lemma fps_cutoff_cross_nth:
  "(Abs_fps a * (fps_cutoff (p ^ s) (Abs_fps a) oo fps_X ^ p)
      - fps_cutoff (p ^ Suc s) (Abs_fps a) * (Abs_fps a oo fps_X ^ p)) $ n
    = skew_conv s (n div p) (\<lambda>x y. r (n mod p) x)"
proof -
  define v K where "v = n mod p" and "K = n div p"
  have v: "v < p"
    unfolding v_def using p_pos by simp
  have n: "n - p * j = v + p * (K - j)" if "j \<le> K" for j
  proof -
    have "n = v + p * K" "p * j \<le> p * K"
      using that unfolding v_def K_def by simp_all
    then show ?thesis
      by (simp add: diff_mult_distrib2)
  qed
  have "(Abs_fps a * (fps_cutoff (p ^ s) (Abs_fps a) oo fps_X ^ p)) $ n
      = (\<Sum>j\<le>K. if j < p ^ s then a (v + p * (K - j)) * a j else 0)"
    unfolding fps_mult_compose_X_power_nth[OF p_pos] K_def[symmetric] by (intro sum.cong) (auto simp: n)
  moreover have "(fps_cutoff (p ^ Suc s) (Abs_fps a) * (Abs_fps a oo fps_X ^ p)) $ n
      = (\<Sum>j\<le>K. if j < p ^ s then a (v + p * j) * a (K - j) else 0)"
  proof -
    have "(fps_cutoff (p ^ Suc s) (Abs_fps a) * (Abs_fps a oo fps_X ^ p)) $ n
        = (\<Sum>j\<le>K. if v + p * (K - j) < p ^ Suc s then a (v + p * (K - j)) * a j else 0)"
      unfolding fps_mult_compose_X_power_nth[OF p_pos] K_def[symmetric] by (intro sum.cong) (auto simp: n)
    also have "\<dots> = (\<Sum>j\<le>K. if v + p * j < p ^ Suc s then a (v + p * j) * a (K - j) else 0)"
      unfolding atLeast0AtMost[symmetric] by (subst sum.atLeastAtMost_rev) (intro sum.cong; simp)
    finally show ?thesis
      unfolding digit_less_pow_Suc_iff[OF v] .
  qed
  moreover have "skew_conv s K (\<lambda>x y. r v x)
      = (\<Sum>j\<le>K. (if j < p ^ s then a (v + p * (K - j)) * a j else 0)
          - (if j < p ^ s then a (v + p * j) * a (K - j) else 0))"
    unfolding skew_conv_def conv_def sum_lessThan_atMost_swap
  proof (intro sum.cong refl)
    fix j
    have "a (v + p * (K - j)) = a (K - j) * r v (K - j)" "a (v + p * j) = a j * r v j"
      by (rule a_digit[OF v])+
    then show "(if j < p ^ s then a (K - j) * a j * (r v (K - j) - r v j) else 0)
      = (if j < p ^ s then a (v + p * (K - j)) * a j else 0)
        - (if j < p ^ s then a (v + p * j) * a (K - j) else 0)"
      by (simp add: algebra_simps)
  qed
  ultimately show ?thesis
    unfolding v_def K_def by (simp add: sum_subtractf)
qed

lemma fps_cutoff_cong:
  "fps_cong (int p ^ Suc s) (Abs_fps a * (fps_cutoff (p ^ s) (Abs_fps a) oo fps_X ^ p))
     (fps_cutoff (p ^ Suc s) (Abs_fps a) * (Abs_fps a oo fps_X ^ p))"
proof -
  define D where "D = Abs_fps a * (fps_cutoff (p ^ s) (Abs_fps a) oo fps_X ^ p)
    - fps_cutoff (p ^ Suc s) (Abs_fps a) * (Abs_fps a oo fps_X ^ p)"
  have "int_coeffs (fps_cutoff N (Abs_fps a))" for N
    using a_Ints by (simp add: int_coeffs_def)
  then have "int_coeffs D"
    unfolding D_def using a_Ints p_pos
    by (intro int_coeffs_diff int_coeffs_mult int_coeffs_compose_X_power) (simp_all add: int_coeffs_def)
  have "\<exists>c. D $ n = of_int (int p ^ Suc s * c)" for n
  proof -
    obtain z where z: "D $ n = of_int z"
      using \<open>int_coeffs D\<close> unfolding int_coeffs_def by (blast elim: Ints_cases)
    have "p_pow_dvd p (Suc s) (skew_conv s (n div p) (\<lambda>x y. r (n mod p) x))"
      using p_pos by (intro skew_conv_cong p_contraction2_fst r_contraction) simp
    then have "int p ^ Suc s dvd z"
      using z fps_cutoff_cross_nth p_pow_dvd_of_int_iff[OF p_pos] unfolding D_def by simp
    then show ?thesis
      using z by (auto elim!: dvdE)
  qed
  then show ?thesis
    unfolding fps_cong_def D_def by blast
qed

end

section \<open>The coefficients \<open>A(m)\<close>\<close>

fun coprime_fact :: "nat \<Rightarrow> nat \<Rightarrow> nat" where
  "coprime_fact p 0 = 1"
| "coprime_fact p (Suc n) = coprime_fact p n * (if p dvd Suc n then 1 else Suc n)"

lemma coprime_fact_pos: "coprime_fact p n > 0"
  by (induction n) auto

lemma coprime_fact_coprime: "prime p \<Longrightarrow> coprime (coprime_fact p n) p"
  by (induction n) (auto simp: coprime_commute prime_imp_coprime)

lemma fact_eq_coprime_fact:
  assumes "p > 0"
  shows "(fact n :: nat) = p ^ (n div p) * fact (n div p) * coprime_fact p n"
proof (induction n)
  case 0
  then show ?case
    by simp
next
  case (Suc n)
  show ?case
  proof (cases "p dvd Suc n")
    case True
    then have d: "Suc n div p = Suc (n div p)"
      by (simp add: div_Suc)
    then have e: "Suc n = p * Suc (n div p)"
      using True by (metis dvd_mult_div_cancel)
    have "(fact (Suc n) :: nat) = Suc n * (p ^ (n div p) * fact (n div p) * coprime_fact p n)"
      using Suc by simp
    also have "\<dots> = p ^ Suc (n div p) * fact (Suc (n div p)) * coprime_fact p (Suc n)"
      using True by (subst e) (simp add: algebra_simps)
    finally show ?thesis
      unfolding d .
  next
    case False
    then have "Suc n div p = n div p"
      by (simp add: div_Suc dvd_eq_mod_eq_0)
    then show ?thesis
      using Suc False by (simp add: algebra_simps)
  qed
qed

lemma coprime_fact_add_pow_cong:
  assumes "p > 0"
  shows "[coprime_fact p (n + p ^ t) = coprime_fact p n * coprime_fact p (p ^ t)] (mod p ^ t)"
proof (induction n)
  case 0
  then show ?case
    by simp
next
  case (Suc n)
  have step: "[(if p dvd Suc n + p ^ t then 1 else Suc n + p ^ t) = (if p dvd Suc n then 1 else Suc n)] (mod p ^ t)"
  proof (cases "t = 0")
    case False
    then have "p dvd Suc n + p ^ t \<longleftrightarrow> p dvd Suc n"
      using dvd_add_left_iff[of p "p ^ t" "Suc n"] by simp
    moreover have "[Suc n + p ^ t = Suc n] (mod p ^ t)"
      unfolding cong_def by (rule mod_add_self2)
    ultimately show ?thesis
      by simp
  qed (simp add: cong_def)
  have eqs: "coprime_fact p (Suc n + p ^ t)
      = coprime_fact p (n + p ^ t) * (if p dvd Suc n + p ^ t then 1 else Suc n + p ^ t)"
    "coprime_fact p (Suc n) * coprime_fact p (p ^ t)
      = coprime_fact p n * coprime_fact p (p ^ t) * (if p dvd Suc n then 1 else Suc n)"
    by simp_all
  show ?case
    unfolding eqs using cong_mult[OF Suc.IH step] by (simp only: ac_simps)
qed

lemma coprime_fact_add_mult_pow_cong:
  assumes "p > 0"
  shows "[coprime_fact p (n + L * p ^ t) = coprime_fact p n * coprime_fact p (p ^ t) ^ L] (mod p ^ t)"
proof (induction L)
  case 0
  then show ?case
    by simp
next
  case (Suc L)
  have "[coprime_fact p ((n + L * p ^ t) + p ^ t) = coprime_fact p (n + L * p ^ t) * coprime_fact p (p ^ t)] (mod p ^ t)"
    by (rule coprime_fact_add_pow_cong[OF assms])
  also have "[coprime_fact p (n + L * p ^ t) * coprime_fact p (p ^ t)
      = coprime_fact p n * coprime_fact p (p ^ t) ^ L * coprime_fact p (p ^ t)] (mod p ^ t)"
    by (intro cong_scalar_right Suc.IH)
  finally show ?case
    by (simp add: algebra_simps)
qed

definition A_unit :: "nat \<Rightarrow> nat \<Rightarrow> rat" where
  "A_unit p n = of_nat (coprime_fact p (6 * n))
     / of_nat (coprime_fact p (3 * n) * coprime_fact p (2 * n) * coprime_fact p n)"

> Problem statement
In the entries above, please find the line with "by (rule coprime_fact_add_pow_cong[OF" and the line with "(coprime_fact p (6 * n))", then write out exactly those two lines and every line between them, and nothing more.

> Answer space
    by (rule coprime_fact_add_pow_cong[OF assms])
  also have "[coprime_fact p (n + L * p ^ t) * coprime_fact p (p ^ t)
      = coprime_fact p n * coprime_fact p (p ^ t) ^ L * coprime_fact p (p ^ t)] (mod p ^ t)"
    by (intro cong_scalar_right Suc.IH)
  finally show ?case
    by (simp add: algebra_simps)
qed

definition A_unit :: "nat \<Rightarrow> nat \<Rightarrow> rat" where
  "A_unit p n = of_nat (coprime_fact p (6 * n))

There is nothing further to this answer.